Francie, only six years old in the fall of 1922, was largely spared Albert’s active parenting. Like many children last in the birth order, Francie was intermittently doted on and overlooked, and the love she got from her parents was relatively unqualified. In addition, her two serious illnesses—in the winters of 1920 and 1921—persuaded her parents to go easy on her. Albert and Flora decided to keep Francie at home (first in Glencoe, and then in Washington) during the 1922–1923 academic year.

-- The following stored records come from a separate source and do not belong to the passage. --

lemma integral_power_series_divide_power:
  fixes c :: "nat \<Rightarrow> real" and f :: "real \<Rightarrow> real"
  assumes t: "0 < t" "t \<le> b" and f_sums: "\<And>x. (\<lambda>n. c n * x ^ n) sums f x"
    and abs_summable: "summable (\<lambda>n. \<bar>c n\<bar> * b ^ n)"
  shows "integral {t..b} (\<lambda>x. f x / x ^ p)
    = (\<Sum>n. c n * pow_antideriv b n p) - (\<Sum>n. c n * pow_antideriv t n p)"
proof -
  have "(\<lambda>n. integral {t..b} (\<lambda>x. c n * (x ^ n / x ^ p))) sums
      integral {t..b} (\<lambda>x. \<Sum>n. c n * (x ^ n / x ^ p))"
  proof (rule sums_integral_termwise[where M = "\<lambda>n. \<bar>c n\<bar> * b ^ n * (1 / t ^ p)"])
    show "continuous_on {t..b} (\<lambda>x. c n * (x ^ n / x ^ p))" for n
      using t by (intro continuous_intros) auto
    show "summable (\<lambda>n. \<bar>c n\<bar> * b ^ n * (1 / t ^ p))" by (intro summable_mult2 abs_summable)
    fix n x assume x: "x \<in> {t..b}"
    have "\<bar>c n * (x ^ n / x ^ p)\<bar> = \<bar>c n\<bar> * (x ^ n / x ^ p)" using x t by (simp add: abs_mult)
    also have "\<dots> \<le> \<bar>c n\<bar> * (b ^ n / t ^ p)"
      using x t by (intro mult_left_mono frac_le power_mono) auto
    finally show "\<bar>c n * (x ^ n / x ^ p)\<bar> \<le> \<bar>c n\<bar> * b ^ n * (1 / t ^ p)" by simp
  qed
  moreover have "integral {t..b} (\<lambda>x. c n * (x ^ n / x ^ p))
      = c n * (pow_antideriv b n p - pow_antideriv t n p)" for n
    by (intro integral_unique has_integral_mult_right has_integral_power_divide_power t)
  moreover have "(\<Sum>n. c n * (x ^ n / x ^ p)) = f x / x ^ p" for x
    using sums_divide[OF f_sums[of x], of "x ^ p"] by (simp add: sums_iff)
  ultimately have "integral {t..b} (\<lambda>x. f x / x ^ p)
      = (\<Sum>n. c n * pow_antideriv b n p - c n * pow_antideriv t n p)"
    by (simp add: sums_iff right_diff_distrib)
  also have "\<dots> = (\<Sum>n. c n * pow_antideriv b n p) - (\<Sum>n. c n * pow_antideriv t n p)"
    using summable_pow_antideriv[OF _ order_refl abs_summable] summable_pow_antideriv[OF t abs_summable] t
    by (intro suminf_diff[symmetric]) auto
  finally show ?thesis .
qed
(* Let $\alpha\colon\Gamma\curvearrowright X$ be an action of a countable group on a compact, Hausdorff, $0$-dimensional space. The natural semigroup homomorphism $\pi\colon T(\alpha)\to H(\alpha)$ is injective if and only if $T(\alpha)$ is cancellative.
   Context: Clopen type semigroup: let $Y = X\times\mathbb N$, and let $\tilde\Gamma=\Gamma\times\mathfrak S$ ($\mathfrak S$ the permutation group of $\mathbb N$) act on $Y$ by $(\gamma,\sigma)(x,n)=(\alpha(\gamma)x,\sigma(n))$. A clopen $A\subseteq Y$ is bounded if $A\cap(X\times\{n\})=\emptyset$ for all large $n$. Bounded clopen $A,B$ are equidecomposable if there are clopen $A_1,\dots,A_n$ and $\tilde\gamma_i\in\tilde\Gamma$ with $A=\bigsqcup_i A_i$, $B=\bigsqcup_i\tilde\gamma_iA_i$. $T(\alpha)$ is the set of classes $[A]$, with $[A]+[B]=[A'\sqcup B']$ for disjoint representatives. Cancellative: $a+b=a+c\Rightarrow b=c$. The $0$-homology group is $H(\alpha)=C(X,\mathbb Z)/\langle f-f\circ\alpha(\gamma): f\in C(X,\mathbb Z),\gamma\in\Gamma\rangle$. The map $\pi$ sends $[A]$, for a bounded clopen $A=\bigsqcup_i A_i\times\{i\}$, to the class in $H(\alpha)$ of $\sum_i \mathbf 1_{A_i}$ (this is a well-defined monoid homomorphism onto the image of $C(X,\mathbb N)$). *)

theory Defs
  imports "HOL-Analysis.Analysis"
begin

text \<open>Y = X \<times> nat with the product topology (nat discrete).
  The group \<Gamma> is a (not necessarily abelian) group written additively (class group_add).\<close>

definition clopen_set :: "'a::topological_space set \<Rightarrow> bool" where
  "clopen_set A \<longleftrightarrow> open A \<and> closed A"

definition bounded_clopen :: "('x::topological_space \<times> nat) set \<Rightarrow> bool" where
  "bounded_clopen A \<longleftrightarrow> clopen_set A \<and> (\<exists>N. \<forall>x n. (x, n) \<in> A \<longrightarrow> n < N)"

definition tact :: "('g \<Rightarrow> 'x \<Rightarrow> 'x) \<Rightarrow> 'g \<Rightarrow> (nat \<Rightarrow> nat) \<Rightarrow> ('x \<times> nat) set \<Rightarrow> ('x \<times> nat) set" where
  "tact \<alpha> g \<sigma> A = (\<lambda>(x, k). (\<alpha> g x, \<sigma> k)) ` A"

definition equidec :: "('g \<Rightarrow> 'x::topological_space \<Rightarrow> 'x) \<Rightarrow> ('x \<times> nat) set \<Rightarrow> ('x \<times> nat) set \<Rightarrow> bool" where
  "equidec \<alpha> A B \<longleftrightarrow>
     (\<exists>(n::nat) (P :: nat \<Rightarrow> ('x \<times> nat) set) (g :: nat \<Rightarrow> 'g) (s :: nat \<Rightarrow> nat \<Rightarrow> nat).
        (\<forall>i<n. clopen_set (P i) \<and> bij (s i)) \<and>
        disjoint_family_on P {..<n} \<and> A = (\<Union>i<n. P i) \<and>
        disjoint_family_on (\<lambda>i. tact \<alpha> (g i) (s i) (P i)) {..<n} \<and>
        B = (\<Union>i<n. tact \<alpha> (g i) (s i) (P i)))"

definition Teq :: "('g \<Rightarrow> 'x::topological_space \<Rightarrow> 'x) \<Rightarrow> (('x \<times> nat) set \<times> ('x \<times> nat) set) set" where
  "Teq \<alpha> = {(A, B). bounded_clopen A \<and> bounded_clopen B \<and> equidec \<alpha> A B}"

definition Tsg :: "('g \<Rightarrow> 'x::topological_space \<Rightarrow> 'x) \<Rightarrow> ('x \<times> nat) set set set" where
  "Tsg \<alpha> = {A. bounded_clopen A} // Teq \<alpha>"

definition Tplus :: "('g \<Rightarrow> 'x::topological_space \<Rightarrow> 'x) \<Rightarrow> ('x \<times> nat) set set \<Rightarrow> ('x \<times> nat) set set \<Rightarrow> ('x \<times> nat) set set" where
  "Tplus \<alpha> a b = {D. \<exists>A\<in>a. \<exists>B\<in>b. A \<inter> B = {} \<and> (A \<union> B, D) \<in> Teq \<alpha>}"

definition T_cancellative :: "('g \<Rightarrow> 'x::topological_space \<Rightarrow> 'x) \<Rightarrow> bool" where
  "T_cancellative \<alpha> \<longleftrightarrow>
     (\<forall>a\<in>Tsg \<alpha>. \<forall>b\<in>Tsg \<alpha>. \<forall>c\<in>Tsg \<alpha>. Tplus \<alpha> a b = Tplus \<alpha> a c \<longrightarrow> b = c)"
lemma nec_point_in_inter:
  assumes "F \<in> \<F>" "G \<in> \<G>" "F \<subseteq> {1..k}" "1 \<le> t" "t \<le> card (F \<inter> G)"
  obtains x where "nec_point k t \<F> \<G> x" "card ({1..x} \<inter> F \<inter> G) = t"
proof -
  obtain x where x: "x \<in> F \<inter> G" "card ({1..x} \<inter> (F \<inter> G)) = t"
    using exists_prefix_card_eq[of "F \<inter> G" k t] assms(3-5) by blast
  then have "nec_point k t \<F> \<G> x"
    using assms(1-3) unfolding nec_point_def by (auto simp: Int_assoc)
  with x show thesis by (simp add: Int_assoc that)
qed

lemma cross_t_intersecting_on_max_nec_point:
  assumes "\<forall>F\<in>\<F>. F \<subseteq> {1..k}" "1 \<le> t" "cross_t_intersecting t \<F> \<G>"
  shows "cross_t_intersecting_on {1..max_nec_point k t \<F> \<G>} t \<F> \<G>"
  unfolding cross_t_intersecting_on_def
proof (intro ballI)
  fix F G assume FG: "F \<in> \<F>" "G \<in> \<G>"
  then have "t \<le> card (F \<inter> G)" using assms(3) unfolding cross_t_intersecting_def by blast
  then obtain x where x: "nec_point k t \<F> \<G> x" "card ({1..x} \<inter> F \<inter> G) = t"
    using nec_point_in_inter FG assms(1,2) by metis
  have "x \<le> max_nec_point k t \<F> \<G>"
    unfolding max_nec_point_def using x(1) finite_nec_points by (intro Max_ge) auto
  then have "card ({1..x} \<inter> F \<inter> G) \<le> card ({1..max_nec_point k t \<F> \<G>} \<inter> F \<inter> G)"
    by (intro card_mono) auto
  with x(2) show "t \<le> card ({1..max_nec_point k t \<F> \<G>} \<inter> F \<inter> G)" by simp
qed

lemma max_nec_point_le:
  assumes "\<forall>F\<in>\<F>. F \<subseteq> {1..k}" "\<F> \<noteq> {}" "\<G> \<noteq> {}" "1 \<le> t"
    and cross: "cross_t_intersecting_on {1..m} t \<F> \<G>"
  shows "max_nec_point k t \<F> \<G> \<le> m"
proof -
  have "cross_t_intersecting t \<F> \<G>"
    using cross assms(1) by (intro cross_t_intersecting_if_on) (auto intro: finite_subset)
  moreover obtain F G where "F \<in> \<F>" "G \<in> \<G>" using assms(2,3) by blast
  ultimately obtain x where "nec_point k t \<F> \<G> x"
    using nec_point_in_inter assms(1,4) unfolding cross_t_intersecting_def by metis
  moreover have "b \<le> m" if b: "nec_point k t \<F> \<G> b" for b
  proof (rule ccontr)
    assume "\<not> b \<le> m"
    obtain F G where FG: "F \<in> \<F>" "G \<in> \<G>" "card ({1..b} \<inter> F \<inter> G) = t" "b \<in> F \<inter> G"
      using b unfolding nec_point_def by blast
    have "t \<le> card ({1..m} \<inter> F \<inter> G)" using cross FG(1,2) unfolding cross_t_intersecting_on_def by blast
    also have "\<dots> < card (insert b ({1..m} \<inter> F \<inter> G))" using \<open>\<not> b \<le> m\<close> by simp
    also have "\<dots> \<le> card ({1..b} \<inter> F \<inter> G)"
      using \<open>\<not> b \<le> m\<close> FG(4) by (intro card_mono) auto
    finally show False using FG(3) by simp
  qed
  ultimately show ?thesis
    unfolding max_nec_point_def using finite_nec_points by (intro Max.boundedI) auto
qed

lemma shift_set_cases:
  obtains "shift_set \<F> i j F = F" "j \<in> F \<and> i \<notin> F \<longrightarrow> insert i (F - {j}) \<in> \<F>"
  | "shift_set \<F> i j F = insert i (F - {j})" "j \<in> F" "i \<notin> F" "insert i (F - {j}) \<notin> \<F>"
  unfolding shift_set_def by (cases "j \<in> F \<and> i \<notin> F \<and> insert i (F - {j}) \<notin> \<F>") auto

lemma card_shift_set:
  assumes "finite F" "i \<noteq> j"
  shows "card (shift_set \<F> i j F) = card F"
proof (cases rule: shift_set_cases[of \<F> i j F])
  case 2
  then have "card (shift_set \<F> i j F) = Suc (card (F - {j}))" using assms by simp
  also have "\<dots> = card F" using 2 assms(1) by (metis card.remove)
  finally show ?thesis .
qed simp
(* Let $N\ge2$, let $j\in\{1,\dots,N\}$ be such that $m_j=1$, and let $m_i\ge2$ for all $i\ne j$. Suppose Assumptions A1 and A2 hold, the game has a (finite) Nash equilibrium $\mathbf x^*$, and for each $i\ne j$ and $k\in\{1,\dots,m_i\}$ the interference graph $\mathcal G_I^i$ and the interference-to-$k$ communication graph $\mathcal G_{C_k}^i$ are undirected and connected. (For coalition $j$ the seeking dynamics reduce to $\dot x_{j1}=-d_{j1}\,\partial f_{j1}(\mathbf x)/\partial x_{j1}$.) Then for each pair of positive constants $(\Delta,v)$ there exists $\delta^*(\Delta,v)>0$ such that for each $\delta\in(0,\delta^* )$, every solution of the seeking dynamics with $\|\chi_{-j}(0)\|<\Delta$ satisfies $$\|\chi_{-j}(t)\|\le\phi(\|\chi_{-j}(0)\|,\delta t)+v\quad\text{for all }t\ge0,$$ where $\phi$ is a class-$\mathcal{KL}$ function.
   Context: Let $N\ge1$ and $m_i\ge1$ ($i=1,\dots,N$) be integers. Agent $j$ of coalition $i$ ($j\in\{1,\dots,m_i\}$) has action $x_{ij}\in\mathbb R$; $\mathbf x_i=(x_{i1},\dots,x_{im_i})^T$, $\mathbf x=(\mathbf x_1^T,\dots,\mathbf x_N^T)^T\in\mathbb R^{M}$ with $M=\sum_i m_i$, and $\mathbf x_{-i}$ denotes $\mathbf x$ with block $\mathbf x_i$ removed. Agent $j$ of coalition $i$ has a local cost $f_{ij}:\mathbb R^M\to\mathbb R$, and coalition $i$ has cost $f_i=\sum_{j=1}^{m_i}f_{ij}$. A Nash equilibrium is $\mathbf x^*$ with $f_i(\mathbf x_i^*,\mathbf x_{-i}^* )\le f_i(\mathbf x_i,\mathbf x_{-i}^* )$ for all $\mathbf x_i\in\mathbb R^{m_i}$ and all $i$. Pseudo-gradient: $\mathcal P(\mathbf x)=((\partial f_1/\partial\mathbf x_1)^T,\dots,(\partial f_N/\partial\mathbf x_N)^T)^T$. Assumption A1: every $f_{ij}$ is $\mathcal C^2$. Assumption A2: $(\mathbf x-\mathbf y)^T(\mathcal P(\mathbf x)-\mathcal P(\mathbf y))>0$ for all distinct $\mathbf x,\mathbf y\in\mathbb R^M$. Interference graph $\mathcal G_I^i$: the undirected graph on vertex set $\{1,\dots,m_i\}$ in which distinct $j,k$ are adjacent iff $f_{ij}$ depends explicitly on $x_{ik}$ or $f_{ik}$ depends explicitly on $x_{ij}$; $\mathcal N_{Ik}^i$ is the neighbor set of $k$ in $\mathcal G_I^i$ and $N_{Ik}^i=|\mathcal N_{Ik}^i|$. In particular $\partial f_{ij}/\partial x_{ik}\equiv0$ whenever $j\notin\mathcal N_{Ik}^i\cup\{k\}$. Communication graph $\mathcal G_C^i$: an undirected weighted graph on $\{1,\dots,m_i\}$ with adjacency matrix $(a_i^{jl})$, $a_i^{jl}=a_i^{lj}\ge0$, $a_i^{jj}=0$. The interference-to-$k$ communication graph $\mathcal G_{C_k}^i$ is the subgraph of $\mathcal G_C^i$ induced on the vertex set $\mathcal N_{Ik}^i\cup\{k\}$ (with inherited weights); its Laplacian is $L_{C_k}^i$ and its number of vertices is $N_{C_k^i}=N_{Ik}^i+1$. Seeking dynamics: fix $\delta>0$ and positive constants $\bar d_{ij}$, set $d_{ij}=\delta\bar d_{ij}$. For all $i,j$: $\dot x_{ij}=-d_{ij}\,g_{ijj}$, and for each $k\in\mathcal N_{Ij}^i\cup\{j\}$: $\dot w_{ijk}=-\sum_{l\in\mathcal N_{Ik}^i\cup\{k\}}a_i^{jl}(g_{ijk}-g_{ilk})$, $g_{ijk}=w_{ijk}+\partial f_{ij}(\mathbf x)/\partial x_{ik}$, with initial conditions $w_{ijk}(0)=0$ and $\mathbf x(0)$ arbitrary. Error coordinates: $G_{ik}$ is the vector of $g_{ijk}$ over $j\in\mathcal N_{Ik}^i\cup\{k\}$; $R_{ik}\in\mathbb R^{N_{C_k^i}\times(N_{C_k^i}-1)}$ is any matrix such that $[\mathbf 1_{N_{C_k^i}}/\sqrt{N_{C_k^i}}\ \ R_{ik}]$ is an orthogonal matrix ($\mathbf 1_n$ the all-ones vector); $\bar G_{ik}=R_{ik}^TG_{ik}$. $\bar G_{-j}$ is the concatenation of $\bar G_{ik}$ over $i\in\{1,\dots,N\}\setminus\{j\}$, $k\in\{1,\dots,m_i\}$ (in lexicographic order), and $\chi_{-j}(t)=(\bar G_{-j}(t)^T,(\mathbf x(t)-\mathbf x^* )^T)^T$. *)

theory Defs
  imports "HOL-Analysis.Analysis"
begin
(* Let $n,k,m$ be positive integers with $\frac32k<m<2k$, $2m-3k$ odd, and $\operatorname{lcm}(4m-6k,\,4k-2m)\mid n$. Then $$N_P(n,k,m)\le \frac{3k-m+1}{2}\,n.$$
   Context: Fix a finite field $\mathbb{F}_q$; $[n]=\{1,\dots,n\}$. An $(n,N,k,m)$-PIR array code over $\mathbb{F}_q$ is an $\mathbb{F}_q$-linear map $\mathbf x\in\mathbb{F}_q^n\mapsto(\mathbf c_1,\dots,\mathbf c_m)$ with buckets $\mathbf c_\ell\in\mathbb{F}_q^{N_\ell}$, $N_\ell\ge1$ independent of $\mathbf x$, $\sum_\ell N_\ell=N$, such that for each $i\in[n]$ there is a partition of $[m]$ into $k$ sets $R_1,\dots,R_k$ such that for each $j$, $x_i$ is an $\mathbb{F}_q$-linear combination of values $f_\ell(\mathbf c_\ell)$, $\ell\in R_j$, for some linear functionals $f_\ell:\mathbb{F}_q^{N_\ell}\to\mathbb{F}_q$ (independent of $\mathbf x$). $N_P(n,k,m)$ is the minimum $N$ for which such a code exists. *)

theory Defs
  imports Complex_Main
begin

text \<open>Vectors in F_q^n are functions nat => 'a, coordinates indexed by {1..n}.
  Buckets are indexed by {1..m}; bucket l has size Nl l, coordinates {1..Nl l}.\<close>

definition bucket :: "nat \<Rightarrow> (nat \<Rightarrow> nat \<Rightarrow> nat \<Rightarrow> 'a::field) \<Rightarrow> nat \<Rightarrow> (nat \<Rightarrow> 'a) \<Rightarrow> nat \<Rightarrow> 'a" where
  "bucket n G l x r = (\<Sum>i\<in>{1..n}. G l r i * x i)"

definition is_partition_k :: "nat \<Rightarrow> nat \<Rightarrow> (nat \<Rightarrow> nat set) \<Rightarrow> bool" where
  "is_partition_k m k R \<longleftrightarrow>
     (\<Union>j\<in>{1..k}. R j) = {1..m} \<and>
     (\<forall>j\<in>{1..k}. R j \<noteq> {}) \<and>
     (\<forall>j\<in>{1..k}. \<forall>j'\<in>{1..k}. j \<noteq> j' \<longrightarrow> R j \<inter> R j' = {})"

definition pir_array_code ::
  "nat \<Rightarrow> nat \<Rightarrow> nat \<Rightarrow> nat \<Rightarrow> (nat \<Rightarrow> nat) \<Rightarrow> (nat \<Rightarrow> nat \<Rightarrow> nat \<Rightarrow> 'a::field) \<Rightarrow> bool" where
  "pir_array_code n N k m Nl G \<longleftrightarrow>
     (\<forall>l\<in>{1..m}. Nl l \<ge> 1) \<and> (\<Sum>l\<in>{1..m}. Nl l) = N \<and>
     (\<forall>i\<in>{1..n}. \<exists>R. is_partition_k m k R \<and>
        (\<forall>j\<in>{1..k}. \<exists>(lam :: nat \<Rightarrow> 'a) (f :: nat \<Rightarrow> nat \<Rightarrow> 'a).
           \<forall>x :: nat \<Rightarrow> 'a.
             x i = (\<Sum>l\<in>R j. lam l * (\<Sum>r\<in>{1..Nl l}. f l r * bucket n G l x r))))"
(* Let $H\in(0,1)$ and let $B^H$ be a fractional Brownian motion on $[0,1]$ with Hurst index $H$. For all $k\ge1$ and $j=0,1,\dots,2^{k-1}-1$, $$\mathbb{V}\bigl(B^H(t^k_{2j+1})\,\big|\,\mathbf{B}^H_{k-1}\bigr)\le 2\cdot 2^{-2kH},$$ where $\mathbf{B}^H_{k-1}=(B^H(t^{k-1}_0),\dots,B^H(t^{k-1}_{2^{k-1}}))$ and the left side is the (deterministic) conditional variance.
   Context: A fractional Brownian motion with Hurst index $H$ is a centered Gaussian process with $B^H(0)=0$ and covariance $\mathbb{E}[B^H(s)B^H(t)]=\tfrac12(|s|^{2H}+|t|^{2H}-|s-t|^{2H})$. $t^n_i=i/2^n$. *)

theory Defs
  imports "HOL-Probability.Probability"
begin

definition centered_gaussian_rv :: "'a measure \<Rightarrow> ('a \<Rightarrow> real) \<Rightarrow> real \<Rightarrow> bool" where
  "centered_gaussian_rv M Y v \<longleftrightarrow>
     Y \<in> borel_measurable M \<and>
     ((v = 0 \<and> (AE x in M. Y x = 0)) \<or>
      (v > 0 \<and> distributed M lborel Y (normal_density 0 (sqrt v))))"

definition fbm_cov :: "real \<Rightarrow> real \<Rightarrow> real \<Rightarrow> real" where
  "fbm_cov H s t = (\<bar>s\<bar> powr (2*H) + \<bar>t\<bar> powr (2*H) - \<bar>s - t\<bar> powr (2*H)) / 2"

text \<open>B is a fractional Brownian motion on [0,1] with Hurst index H on the probability space M:
  a centered Gaussian process (every finite linear combination is centered Gaussian),
  B 0 = 0, and covariance fbm_cov H.\<close>
definition is_fbm :: "'a measure \<Rightarrow> real \<Rightarrow> (real \<Rightarrow> 'a \<Rightarrow> real) \<Rightarrow> bool" where
  "is_fbm M H B \<longleftrightarrow>
     prob_space M \<and>
     (\<forall>t\<in>{0..1}. B t \<in> borel_measurable M) \<and>
     (AE x in M. B 0 x = 0) \<and>
     (\<forall>I c. finite I \<and> I \<subseteq> {0..1} \<longrightarrow>
        (\<exists>v. centered_gaussian_rv M (\<lambda>x. \<Sum>t\<in>I. c t * B t x) v)) \<and>
     (\<forall>s\<in>{0..1}. \<forall>t\<in>{0..1}. integrable M (\<lambda>x. B s x * B t x) \<and>
        (\<integral>x. B s x * B t x \<partial>M) = fbm_cov H s t)"

definition dyadic :: "nat \<Rightarrow> nat \<Rightarrow> real" where
  "dyadic n i = real i / 2 ^ n"

definition gen_sigma :: "'a measure \<Rightarrow> (real \<Rightarrow> 'a \<Rightarrow> real) \<Rightarrow> real set \<Rightarrow> 'a measure" where
  "gen_sigma M B T = sigma (space M) {B t -` A \<inter> space M | t A. t \<in> T \<and> A \<in> sets borel}"

definition cond_var :: "'a measure \<Rightarrow> 'a measure \<Rightarrow> ('a \<Rightarrow> real) \<Rightarrow> 'a \<Rightarrow> real" where
  "cond_var M F X = real_cond_exp M F (\<lambda>x. (X x - real_cond_exp M F X x)\<^sup>2)"

end

theory Submission
  imports Defs
begin

(* Put T = S \<union> {t}, where S is the dyadic grid of level k - 1 and t = t^k_{2j+1}.  The covariance
  of B is a positive semidefinite bilinear form on coefficient vectors over T, so B t has an
  orthogonal projection L = \<Sum>\<sigma>\<in>S. p \<sigma> * B \<sigma> onto the span of the B \<sigma>, \<sigma> \<in> S.  The residual
  Z = B t - L is a linear combination of a Gaussian family that is uncorrelated with every B \<sigma>;
  comparing characteristic functions and applying Levy's uniqueness theorem one coordinate at a
  time shows that Z is independent of the sigma algebra generated by the B \<sigma>.  Hence the
  conditional expectation of B t is L, and the conditional variance is the constant E Z\<^sup>2.  This
  is the minimal mean square distance from B t to the span, so it is at most
  E (B t - B s)\<^sup>2 = \<bar>t - s\<bar> powr (2 H) = 2 powr (- 2 k H) for the neighbour s = t^(k-1)_j. *)

lemma integrable_mult_iexp:
  fixes h :: "'a \<Rightarrow> complex"
  assumes "integrable M h" and [measurable]: "V \<in> borel_measurable M"
  shows "integrable M (\<lambda>x. h x * iexp (s * V x))"
  by (rule Bochner_Integration.integrable_bound[OF assms(1)]) (use assms(1) in \<open>auto simp: norm_mult\<close>)

lemma integrable_mult_indicator_comp:
  fixes f :: "'a \<Rightarrow> 'b::{real_normed_field, banach, second_countable_topology}"
  assumes "integrable M f" and [measurable]: "V \<in> borel_measurable M" "A \<in> sets borel"
  shows "integrable M (\<lambda>x. f x * indicator A (V x))"
  by (rule Bochner_Integration.integrable_bound[OF assms(1)])
     (use assms(1) in \<open>auto simp: norm_mult indicator_def\<close>)

lemma Levy_uniqueness_weighted_nonneg:
  fixes p q V :: "'a \<Rightarrow> real"
  assumes "prob_space M" and [measurable]: "V \<in> borel_measurable M"
    and p: "integrable M p" "\<And>x. 0 \<le> p x" and q: "integrable M q" "\<And>x. 0 \<le> q x"
    and char_eq: "\<And>s. (\<integral>x. of_real (p x) * iexp (s * V x) \<partial>M) = (\<integral>x. of_real (q x) * iexp (s * V x) \<partial>M)"
    and [measurable]: "A \<in> sets borel"
  shows "(\<integral>x. p x * indicator A (V x) \<partial>M) = (\<integral>x. q x * indicator A (V x) \<partial>M)"
proof -
  interpret prob_space M by fact
  have [measurable]: "p \<in> borel_measurable M" "q \<in> borel_measurable M" using p q by auto
  define c where "c = (\<integral>x. p x \<partial>M)"
  have c_q: "c = (\<integral>x. q x \<partial>M)" using char_eq[of 0] unfolding c_def by simp
  have "c \<ge> 0" unfolding c_def using p by (simp add: integral_nonneg_AE)
  show ?thesis
  proof (cases "c = 0")
    case True
    have "(\<integral>x. p x \<partial>M) = 0" "(\<integral>x. q x \<partial>M) = 0"
      using True c_q unfolding c_def by simp_all
    then have "AE x in M. p x = 0" "AE x in M. q x = 0"
      using p q by (simp_all add: integral_nonneg_eq_0_iff_AE)
    then show ?thesis
      by (subst (1 2) integral_cong_AE[where g="\<lambda>_. 0"]) auto
  next
    case False
    with \<open>c \<ge> 0\<close> have "c > 0" by simp
    define N where "N r = distr (density M (\<lambda>x. r x / c)) borel V" for r :: "'a \<Rightarrow> real"
    have density_integral: "(\<integral>y. f y \<partial>N r) = (\<integral>x. of_real (r x) * f (V x) \<partial>M) / of_real c"
      if [measurable]: "r \<in> borel_measurable M" "f \<in> borel_measurable borel" and "\<And>x. 0 \<le> r x"
      for r and f :: "real \<Rightarrow> 'b::{real_normed_field, banach, second_countable_topology}"
      using that \<open>c > 0\<close> unfolding N_def
      by (simp add: integral_distr integral_density scaleR_conv_of_real)
    have real_distribution: "real_distribution (N r)"
      if [measurable]: "r \<in> borel_measurable M" and "integrable M r" "\<And>x. 0 \<le> r x" "(\<integral>x. r x \<partial>M) = c" for r
    proof -
      have "emeasure (density M (\<lambda>x. r x / c)) (space M) = (\<integral>\<^sup>+x. ennreal (r x / c) \<partial>M)"
        by (simp add: emeasure_density)
      also have "\<dots> = ennreal (\<integral>x. r x / c \<partial>M)"
        using that \<open>c > 0\<close> by (intro nn_integral_eq_integral) auto
      also have "\<dots> = 1"
        using that \<open>c > 0\<close> by simp
      finally have "prob_space (density M (\<lambda>x. r x / c))"
        by (intro prob_spaceI) simp
      then show ?thesis
        unfolding real_distribution_def real_distribution_axioms_def N_def
        by (auto intro: prob_space.prob_space_distr)
    qed
    have "N p = N q"
    proof (rule Levy_uniqueness)
      show "real_distribution (N p)" "real_distribution (N q)"
        using p q c_q by (auto intro!: real_distribution simp: c_def)
      show "char (N p) = char (N q)"
        using char_eq p q by (auto simp: char_def density_integral)
    qed
    then show ?thesis
      using density_integral[of p "indicator A :: real \<Rightarrow> real"]
        density_integral[of q "indicator A :: real \<Rightarrow> real"] p q \<open>c > 0\<close>
      by simp
  qed
qed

“You say you love me,” Albert wrote to her, in response to a handwritten letter to him from Glencoe. “Nothing could make me happier. I love you; let’s always love each other.”20 On Halloween night of 1922, with the family recently reinstalled in Washington, Lasker left work at the Shipping Board early. “Frances is giving a little party to herself,” Albert wrote to Mary at Vassar, “the guests being [governess] Miss Sachse, Edward, and I. I have to hurry home. She is as excited about it as if she had a hundred children.”21

Lasker’s friend W. G. Irwin sometimes stayed with the Laskers on his trips to Washington. Irwin made a wistful confession to Lasker after one of these visits:

I cannot tell you how great a pleasure it was to me to again see your family and be with them. I was very glad to see Mrs. Lasker looking so much better and apparently in very good health, and then, it was a pleasure to see that intense admiration that Frances showed for Edward and the great interest that she took in the stories that Edward told, but that admiration was no more impressive than was the love that Edward showed for his sister. There is nothing finer than to see that delightful home life and love among all of the family. All old bachelors are not as fortunate as I am in being in touch with it.22

In mid-February 1923, Albert wrote to a family member about his satisfaction with Flora’s progress, and confessed that he was looking forward to their approaching departure from the nation’s capital. “Flora is in better health this winter than she has been,” he noted, “and is enjoying her Washington stay exceedingly. She is getting everything out of the winter she can, for, as you undoubtedly know, the middle of June we are returning home for good.”23

Lasker had made a strong, if belated effort to be a better father and family man. But he was already out of time. Mary was gone, and Edward soon would be off to boarding school. Inevitably, once back in Chicago, Lasker would be drawn back into his business affairs and other pursuits. The Lasker family’s interlude of togetherness—brief and interrupted as it was—was coming to an end, and there would not be another.